▶ **Brief**
The answer must consist only of the lines from the line with "m :: ('d::finite)" to the line with "(simp add: cube_def)", both included, exactly as they stand below.
________________
(* For every $m\in\mathbb N_+$, $k\ge1$, $\xi\in\mathbb R^d$ and every configuration $\mathbf a$, $$\sum_{F\subset E_d(\square_m),|F|=k}D_F\mathscr E_{m,\xi}(\mathbf a)=\frac1{|\square_m|}\Big\langle\nabla\ell_\xi,\ \mathbf a\sum_{F\subset E_d(\square_m),|F|=k}(D_F\nabla v_{m,\xi})(\mathbf a)\Big\rangle_{\square_m}+\frac1{|\square_m|}\sum_{e\in E_d(\square_m)}\Big\langle\nabla\ell_\xi,\ (\mathbf a^e-\mathbf a)\sum_{G\subset E_d(\square_m),|G|=k-1}(D_G\nabla v_{m,\xi})(\mathbf a^e)\Big\rangle_{\square_m}.$$
   Context: Bond configurations $\mathbf a\in\{0,1\}^{E_d}$ on $\mathbb Z^d$. $E_d(U)$: nearest-neighbour edges with both endpoints in $U$; $\partial U=\{x\in U:\exists y\sim x, y\notin U\}$, $\mathrm{int}(U)=U\setminus\partial U$; $\square_m=\mathbb Z^d\cap(-3^m/2,3^m/2)^d$; $\ell_\xi(x)=\xi\cdot x$. For $u:\mathbb Z^d\to\mathbb R$, $\nabla u(x,y)=u(y)-u(x)$ on oriented edges; $\nabla\cdot(\mathbf a\nabla u)(x)=\sum_{z\sim x}\mathbf a(\{x,z\})(u(z)-u(x))$; for vector fields, $\langle F,G\rangle_V=\sum_{e\in E_d(V)}F(e)G(e)$, and $(\mathbf b F)(e)=\mathbf b(e)F(e)$. $\mathscr E_{m,\xi}(\mathbf a)=\inf_{v\in\ell_\xi+C_0(\square_m)}|\square_m|^{-1}\sum_{e\in E_d(\square_m)}\mathbf a(e)|\nabla v(e)|^2$, with $C_0(U)$ the functions vanishing on $\partial U$. For each configuration $\mathbf b$, $v_{m,\xi}(\mathbf b)$ is a fixed function on $\square_m$ with $v_{m,\xi}(\mathbf b)=\ell_\xi$ on $\partial\square_m$ and $-\nabla\cdot(\mathbf b\nabla v_{m,\xi}(\mathbf b))=0$ at every $x\in\mathrm{int}(\square_m)$ (such a function exists: harmonic on clusters connected to $\partial\square_m$, constant on the other clusters; it attains the infimum in $\mathscr E_{m,\xi}(\mathbf b)$). $\mathbf a^G(e)=\mathbf 1_{e\in G}+\mathbf a(e)\mathbf 1_{e\notin G}$, $\mathbf a^e=\mathbf a^{\{e\}}$; $D_Gf(\mathbf a)=\sum_{G'\subset G}(-1)^{|G\setminus G'|}f(\mathbf a^{G'})$, and $(D_Gf)(\mathbf a^e)$ means $D_Gf$ evaluated at the configuration $\mathbf a^e$. *)

theory Defs
  imports "HOL-Analysis.Analysis"
begin

text \<open>A nearest-neighbour edge
 {x, x + e_i} is represented canonically by the oriented pair (x, x + e_i).
 A bond configuration assigns a value in {0,1} (here: bool) to each edge.\<close>

type_synonym ('d) pt = "int ^ ('d::finite)"
type_synonym 'd edge = "'d pt \<times> 'd pt"
type_synonym 'd conf = "('d::finite) edge \<Rightarrow> bool"

definition is_edge :: "('d::finite) edge \<Rightarrow> bool" where
  "is_edge e \<longleftrightarrow> (\<exists>i. snd e = fst e + axis i 1)"

definition adj :: "('d::finite) pt \<Rightarrow> 'd pt \<Rightarrow> bool" where
  "adj x y \<longleftrightarrow> (\<exists>i. y = x + axis i 1 \<or> x = y + axis i 1)"

definition edges_in :: "('d::finite) pt set \<Rightarrow> 'd edge set" where
  "edges_in U = {e. is_edge e \<and> fst e \<in> U \<and> snd e \<in> U}"

definition bdry :: "('d::finite) pt set \<Rightarrow> 'd pt set" where
  "bdry U = {x \<in> U. \<exists>y. adj x y \<and> y \<notin> U}"

definition intr :: "('d::finite) pt set \<Rightarrow> 'd pt set" where
  "intr U = U - bdry U"

definition cube :: "nat \<Rightarrow> ('d::finite) pt set" where
  "cube m = {x. \<forall>i. \<bar>real_of_int (x $ i)\<bar> < 3 ^ m / 2}"

definition lin :: "real ^ ('d::finite) \<Rightarrow> 'd pt \<Rightarrow> real" where
  "lin \<xi> x = (\<Sum>i\<in>UNIV. \<xi> $ i * real_of_int (x $ i))"

definition grad :: "(('d::finite) pt \<Rightarrow> real) \<Rightarrow> 'd edge \<Rightarrow> real" where
  "grad u e = u (snd e) - u (fst e)"

definition divag :: "('d::finite) conf \<Rightarrow> ('d pt \<Rightarrow> real) \<Rightarrow> 'd pt \<Rightarrow> real" where
  "divag a u x = (\<Sum>i\<in>UNIV.
      of_bool (a (x, x + axis i 1)) * (u (x + axis i 1) - u x)
    + of_bool (a (x - axis i 1, x)) * (u (x - axis i 1) - u x))"

definition inner_on :: "('d::finite) pt set \<Rightarrow> ('d edge \<Rightarrow> real) \<Rightarrow> ('d edge \<Rightarrow> real) \<Rightarrow> real" where
  "inner_on V F G = (\<Sum>e\<in>edges_in V. F e * G e)"

definition energy :: "nat \<Rightarrow> real ^ ('d::finite) \<Rightarrow> 'd conf \<Rightarrow> real" where
  "energy m \<xi> a = Inf {(1 / real (card (cube m :: 'd pt set))) *
        (\<Sum>e\<in>edges_in (cube m). of_bool (a e) * (grad v e)\<^sup>2) | v.
        \<forall>x\<in>bdry (cube m). v x = lin \<xi> x}"

definition conf_upd :: "('d::finite) edge set \<Rightarrow> 'd conf \<Rightarrow> 'd conf" where
  "conf_upd G a = (\<lambda>e. e \<in> G \<or> a e)"

definition Dop :: "('d::finite) edge set \<Rightarrow> ('d conf \<Rightarrow> real) \<Rightarrow> 'd conf \<Rightarrow> real" where
  "Dop G f a = (\<Sum>G'\<in>Pow G. (-1) ^ card (G - G') * f (conf_upd G' a))"

end

theory Submission
  imports Defs
begin

text \<open>Since v b is harmonic with boundary values lin \<xi>, it minimises the Dirichlet
  energy, and summation by parts turns that energy into the cross term
  \<open>\<Sum>e. b e * grad (lin \<xi>) e * grad (v b) e\<close>: a sum of products of the bond
  variable b e with a function of b.  D_F obeys a discrete Leibniz rule on such products:
  either all of F acts on the second factor, or one edge e \<in> F opens the bond e and the
  other k - 1 edges act on the second factor at the configuration with e open.  Summed over
  all k-sets F, the second kind of term becomes a sum over edges e and (k - 1)-sets G.\<close>

lemma finite_vector:
  assumes "\<And>i. finite (B i)"
  shows "finite {x :: 'a ^ 'n::finite. \<forall>i. x $ i \<in> B i}"
proof (rule finite_imageD)
  show "finite (vec_nth ` {x :: 'a ^ 'n. \<forall>i. x $ i \<in> B i})"
    by (rule finite_subset[of _ "PiE UNIV B"]) (use assms in \<open>auto intro: finite_PiE\<close>)
  show "inj_on vec_nth {x :: 'a ^ 'n. \<forall>i. x $ i \<in> B i}"
    by (auto simp: inj_on_def vec_eq_iff)
qed

lemma finite_cube: "finite (cube m :: ('d::finite) pt set)"
proof (rule finite_subset)
  show "(cube m :: 'd pt set) \<subseteq> {x. \<forall>i. x $ i \<in> {- (3 ^ m) .. 3 ^ m}}"
  proof safe
    fix x :: "'d pt" and i
    assume "x \<in> cube m"
    then have "\<bar>real_of_int (x $ i)\<bar> < 3 ^ m / 2" by (simp add: cube_def)
    then have "real_of_int \<bar>x $ i\<bar> < real_of_int (3 ^ m)" by simp
    then have "\<bar>x $ i\<bar> \<le> 3 ^ m" by linarith
    then show "x $ i \<in> {- (3 ^ m) .. 3 ^ m}" by auto
  qed
qed (rule finite_vector, simp)

lemma finite_edges_in: "finite Q \<Longrightarrow> finite (edges_in Q)"
  by (rule finite_subset[of _ "Q \<times> Q"]) (auto simp: edges_in_def)

lemma edges_in_ending_at:
  assumes "z \<in> intr Q"
  shows "{e \<in> edges_in Q. snd e = z} = range (\<lambda>i. (z - axis i 1, z))"
proof -
  have "z \<in> Q" and "\<And>y. adj z y \<Longrightarrow> y \<in> Q"
    using assms by (auto simp: intr_def bdry_def)
  moreover have "adj z (z - axis i 1)" for i by (auto simp: adj_def)
  ultimately show ?thesis
    by (force simp: edges_in_def is_edge_def algebra_simps)
qed

lemma edges_in_starting_at:
  assumes "z \<in> intr Q"
  shows "{e \<in> edges_in Q. fst e = z} = range (\<lambda>i. (z, z + axis i 1))"
proof -
  have "z \<in> Q" and "\<And>y. adj z y \<Longrightarrow> y \<in> Q"
    using assms by (auto simp: intr_def bdry_def)
  moreover have "adj z (z + axis i 1)" for i by (auto simp: adj_def)
  ultimately show ?thesis
    by (force simp: edges_in_def is_edge_def algebra_simps)
qed

lemma sum_edges_ending_at:
  assumes "z \<in> intr Q"
  shows "(\<Sum>e\<in>{e \<in> edges_in Q. snd e = z}. h e) = (\<Sum>i\<in>UNIV. h (z - axis i 1, z))"
  unfolding edges_in_ending_at[OF assms]
  by (subst sum.reindex) (auto simp: inj_def axis_eq_axis)

lemma sum_edges_starting_at:
  assumes "z \<in> intr Q"
  shows "(\<Sum>e\<in>{e \<in> edges_in Q. fst e = z}. h e) = (\<Sum>i\<in>UNIV. h (z, z + axis i 1))"
  unfolding edges_in_starting_at[OF assms]
  by (subst sum.reindex) (auto simp: inj_def axis_eq_axis)

lemma sum_edges_group_by_endpoint:
  fixes w \<phi> :: "_ \<Rightarrow> real"
  assumes "finite Q" and "\<forall>x\<in>bdry Q. \<phi> x = 0" and "\<And>e. e \<in> edges_in Q \<Longrightarrow> p e \<in> Q"
  shows "(\<Sum>e\<in>edges_in Q. w e * \<phi> (p e))
       = (\<Sum>z\<in>intr Q. \<phi> z * (\<Sum>e\<in>{e \<in> edges_in Q. p e = z}. w e))"
proof -
  have "(\<Sum>e\<in>edges_in Q. w e * \<phi> (p e))
      = (\<Sum>z\<in>Q. \<Sum>e\<in>{e \<in> edges_in Q. p e = z}. w e * \<phi> (p e))"
    by (rule sum.group[symmetric]) (use assms finite_edges_in in auto)
  also have "\<dots> = (\<Sum>z\<in>Q. \<phi> z * (\<Sum>e\<in>{e \<in> edges_in Q. p e = z}. w e))"
    by (auto simp: sum_distrib_left mult.commute intro!: sum.cong)
  also have "\<dots> = (\<Sum>z\<in>intr Q. \<phi> z * (\<Sum>e\<in>{e \<in> edges_in Q. p e = z}. w e))"
    by (rule sum.mono_neutral_right) (use assms in \<open>auto simp: intr_def\<close>)
  finally show ?thesis .
qed

lemma summation_by_parts:
  assumes "finite Q" and "\<forall>x\<in>bdry Q. \<phi> x = 0"
  shows "(\<Sum>e\<in>edges_in Q. of_bool (b e) * grad u e * grad \<phi> e)
       = - (\<Sum>x\<in>intr Q. \<phi> x * divag b u x)"
proof -
  define w where "w e = of_bool (b e) * grad u e" for e
  have flux: "(\<Sum>e\<in>{e \<in> edges_in Q. snd e = z}. w e) - (\<Sum>e\<in>{e \<in> edges_in Q. fst e = z}. w e)
      = - divag b u z" if "z \<in> intr Q" for z
    unfolding sum_edges_ending_at[OF that] sum_edges_starting_at[OF that] divag_def
      sum_subtractf[symmetric] sum_negf[symmetric]
    by (rule sum.cong) (simp_all add: w_def grad_def algebra_simps)
  have "(\<Sum>e\<in>edges_in Q. of_bool (b e) * grad u e * grad \<phi> e)
      = (\<Sum>e\<in>edges_in Q. w e * \<phi> (snd e)) - (\<Sum>e\<in>edges_in Q. w e * \<phi> (fst e))"
    by (simp add: w_def grad_def sum_subtractf[symmetric] algebra_simps)
  also have "\<dots> = (\<Sum>z\<in>intr Q. \<phi> z * (\<Sum>e\<in>{e \<in> edges_in Q. snd e = z}. w e))
                 - (\<Sum>z\<in>intr Q. \<phi> z * (\<Sum>e\<in>{e \<in> edges_in Q. fst e = z}. w e))"
    using sum_edges_group_by_endpoint[OF assms, of snd] sum_edges_group_by_endpoint[OF assms, of fst]
    by (simp add: edges_in_def)
  also have "\<dots> = - (\<Sum>x\<in>intr Q. \<phi> x * divag b u x)"
    by (simp add: flux right_diff_distrib[symmetric] sum_subtractf[symmetric] sum_negf[symmetric])
  finally show ?thesis .
qed

lemma harmonic_orthogonal:
  assumes "finite Q" and "\<forall>x\<in>bdry Q. \<phi> x = 0" and "\<forall>x\<in>intr Q. divag b u x = 0"
  shows "(\<Sum>e\<in>edges_in Q. of_bool (b e) * grad u e * grad \<phi> e) = 0"
  using summation_by_parts[OF assms(1,2), of b u] assms(3) by simp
________________
▶ **Problem solution**
lemma finite_cube: "finite (cube m :: ('d::finite) pt set)"
proof (rule finite_subset)
  show "(cube m :: 'd pt set) \<subseteq> {x. \<forall>i. x $ i \<in> {- (3 ^ m) .. 3 ^ m}}"
  proof safe
    fix x :: "'d pt" and i
    assume "x \<in> cube m"
    then have "\<bar>real_of_int (x $ i)\<bar> < 3 ^ m / 2" by (simp add: cube_def)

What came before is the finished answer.